Hi. I want to put some hairgrass or similar carpet plant in my planted aquarium. The problem is that I'm in Panama, Central America, and the few LFS that we have here don't have anything similar. Inventory is very very limited (you would think it should be the opposite here in the tropics). 

Is it possible to grow this plant from seeds? If so, where can I buy them? I would mail order them.

Thanks.


----------



## Noto (Oct 26, 2009)

You should be able to find several _Eleocharis_ species growing wild in Panama, though I don't believe _E. parvula _is one of them. Other small species such as _E. acicularis, E. minima_, and _E. minutissima _can be found along sunny pond margins, mudflats, and wet ditches.
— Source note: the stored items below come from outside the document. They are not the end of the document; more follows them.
(* Let $M\ge 2$. (i) For every prime $p$ and every $k\ge1$, $\Gamma_1(p^k)$ is a normal subgroup of $\Gamma_1(p)$. (ii) If $m$ and $n$ are positive integers with $m\mid_s n$, then $\Gamma_1(n)$ is a normal subgroup of $\Gamma_1(m)$.
   Context: For a prime power $p^k$ ($k>0$), $\Gamma_1(p^k)=\{g=(g_{ij})\in SL_M(\mathbb{Z}): p^{k-1}\mid g_{ij}\text{ for }i<j,\ p^k\mid (g_{ij}-\delta_{ij})\text{ for } i\ge j\}$. For $n=p_1^{e_1}\cdots p_s^{e_s}$, $\Gamma_1(n)=\bigcap_i\Gamma_1(p_i^{e_i})$. We write $m\mid_s n$ ("$n$ is a strong multiple of $m$") if $m\mid n$ and every prime dividing $n$ also divides $m$. *)

theory Defs
  imports "Jordan_Normal_Form.Determinant" "HOL-Algebra.Coset" "HOL-Computational_Algebra.Primes"
begin

definition SL :: "nat \<Rightarrow> int mat set" where
  "SL M = {g \<in> carrier_mat M M. det g = 1}"

definition SL_grp :: "nat \<Rightarrow> int mat monoid" where
  "SL_grp M = \<lparr>carrier = SL M, mult = (*), one = 1\<^sub>m M\<rparr>"

definition Gamma1_pp :: "nat \<Rightarrow> nat \<Rightarrow> nat \<Rightarrow> int mat set" where
  "Gamma1_pp M p k = {g \<in> SL M.
      (\<forall>i j. i < j \<and> j < M \<longrightarrow> int p ^ (k - 1) dvd g $$ (i, j)) \<and>
      (\<forall>i j. j \<le> i \<and> i < M \<longrightarrow> int p ^ k dvd (g $$ (i, j) - (if i = j then 1 else 0)))}"

definition Gamma1 :: "nat \<Rightarrow> nat \<Rightarrow> int mat set" where
  "Gamma1 M n = SL M \<inter> (\<Inter>p \<in> prime_factors n. Gamma1_pp M p (multiplicity p n))"

definition strong_dvd :: "nat \<Rightarrow> nat \<Rightarrow> bool" where
  "strong_dvd m n \<longleftrightarrow> m dvd n \<and> (\<forall>p. prime p \<longrightarrow> p dvd n \<longrightarrow> p dvd m)"

end

theory Submission
  imports Defs
begin

(* Write the conditions defining Gamma1(p^k) as divisibility conditions on the
   entries of g - 1: the entry (i,j) of g - 1 must be divisible by p^(k-1) above the
   diagonal and by p^k on and below it.  Matrices whose entries below the diagonal are
   divisible by p form a ring (an Iwahori order), every element of Gamma1(p) lies in it,
   and the matrices with the divisibility pattern of level k (k >= 1) form a two-sided
   ideal in it.  From the identity  x h y - 1 = x (h - 1) y + (x y - 1)  one then gets
   closure of Gamma1(p^k) under products and under conjugation by Gamma1(p).
   Closure under inverses follows from a pigeonhole argument: the inverse of x is
   congruent modulo p^k to a power of x, and Gamma1(p^k) is closed under congruence
   modulo p^k inside SL_M(Z).  For general n, Gamma1(n) is an intersection of such
   subgroups; when n is a strong multiple of m, m and n have the same prime factors and
   every element of Gamma1(m) lies in Gamma1(p) for each of them, so part (ii) reduces
   to the prime power case. *)

lemma (in group) normal_in_subgroupI:
  assumes H: "subgroup H G" and K: "subgroup K G" and HK: "H \<subseteq> K"
    and conj: "\<And>x h. x \<in> K \<Longrightarrow> h \<in> H \<Longrightarrow> x \<otimes> h \<otimes> inv x \<in> H"
  shows "H \<lhd> G\<lparr>carrier := K\<rparr>"
proof -
  interpret GK: group "G\<lparr>carrier := K\<rparr>"
    by (rule subgroup.subgroup_is_group[OF K is_group])
  show ?thesis
    unfolding GK.normal_inv_iff
    using subgroup_incl[OF H K HK] conj m_inv_consistent[OF K] by auto
qed

lemma (in group) inv_pow_Suc_mult:
  assumes x: "x \<in> carrier G"
  shows "inv (x [^] Suc a) \<otimes> x [^] a = inv x"
    and "a < b \<Longrightarrow> inv (x [^] Suc a) \<otimes> x [^] b = x [^] (b - Suc a)"
proof -
  show "inv (x [^] Suc a) \<otimes> x [^] a = inv x"
    using x by (simp add: inv_mult_group m_assoc)
  assume "a < b"
  then have "x [^] b = x [^] Suc a \<otimes> x [^] (b - Suc a)"
    using nat_pow_mult[OF x, of "Suc a" "b - Suc a"] by simp
  then show "inv (x [^] Suc a) \<otimes> x [^] b = x [^] (b - Suc a)"
    using x by (metis l_inv l_one m_assoc inv_closed nat_pow_closed)
qed

lemma SL_grp_simps [simp]:
  "carrier (SL_grp M) = SL M"
  "\<one>\<^bsub>SL_grp M\<^esub> = 1\<^sub>m M"
  "x \<otimes>\<^bsub>SL_grp M\<^esub> y = x * y"
  by (simp_all add: SL_grp_def)

text \<open>SL_M(Z) is a group; inverses are adjugate matrices.\<close>
lemma SL_group: "group (SL_grp M)"
proof (rule groupI)
  fix x assume "x \<in> carrier (SL_grp M)"
  then have x: "x \<in> carrier_mat M M" "det x = 1" by (auto simp: SL_def)
  have adj: "adj_mat x \<in> carrier_mat M M" "adj_mat x * x = 1\<^sub>m M"
    using adj_mat[OF x(1)] x(2) by auto
  then have "det (adj_mat x) = 1"
    using det_mult[OF adj(1) x(1)] x(2) by simp
  then show "\<exists>y\<in>carrier (SL_grp M). y \<otimes>\<^bsub>SL_grp M\<^esub> x = \<one>\<^bsub>SL_grp M\<^esub>"
    using adj by (auto simp: SL_def)
qed (auto simp: SL_def det_mult)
This company in Utah has_ E. parvula _seed. You will have to contact them for prices.


----------



## davemonkey (Mar 29, 2008)

If you can find them growing in the wild you'll have better luck than with seed. Just start hunting in all the wet areas you can find locally.


----------



## SirLancaster (Feb 21, 2010)

The lake nearby is invaded with hydrilla. Besides that, I have seen some floating plants, nothing else. Will take a better look. The other day, I went to a river inside one of our national parks and saw no plants. Perhaps because it was at the end of our dry season. I am a beginner in this topic, so maybe I'm confusing them with non-aquatic grass and plants (they could just be emersed due to the dry season).


----------



## Noto (Oct 26, 2009)

_Eleocharis_ seldom grow in normally submersed areas; they are immersion-tolerant marginals or emergents, and will only be submersed when the water level is high. Look along mudflats exposed by receding water lines, and along edges of ponds or sluggish streams.

They can be most easily identified by the cone-like inflorescence borne at the tips of the stems. When not flowering/fruiting, the stiff, round or triangular stems look very similar to some _Juncus_ or _Scirpus_ species. I don't know of an easy way to tell them apart. However, any of these genera is likely to do reasonably well submersed, so you may as well dig it up and try it!


----------



## SirLancaster (Feb 21, 2010)

Hi. Long time since my last post. I think that I found some eleocharis growing emmersed. Any tips on how to introduce it into the aquarium, in other words to transition it to emmersed?


----------



## neilshieh (Jun 24, 2010)

ideally you should put it into a high humidity emersed tank setup which really could just be some dirt, saran wrapped top and some lights. you want to avoid submersing it right away because the shock will kill a lot of it.


----------



## SirLancaster (Feb 21, 2010)

Neil, thanks for your reply. Obviously, I meant to transition from emmersed to immersed. Just noticed an error on my post.


----------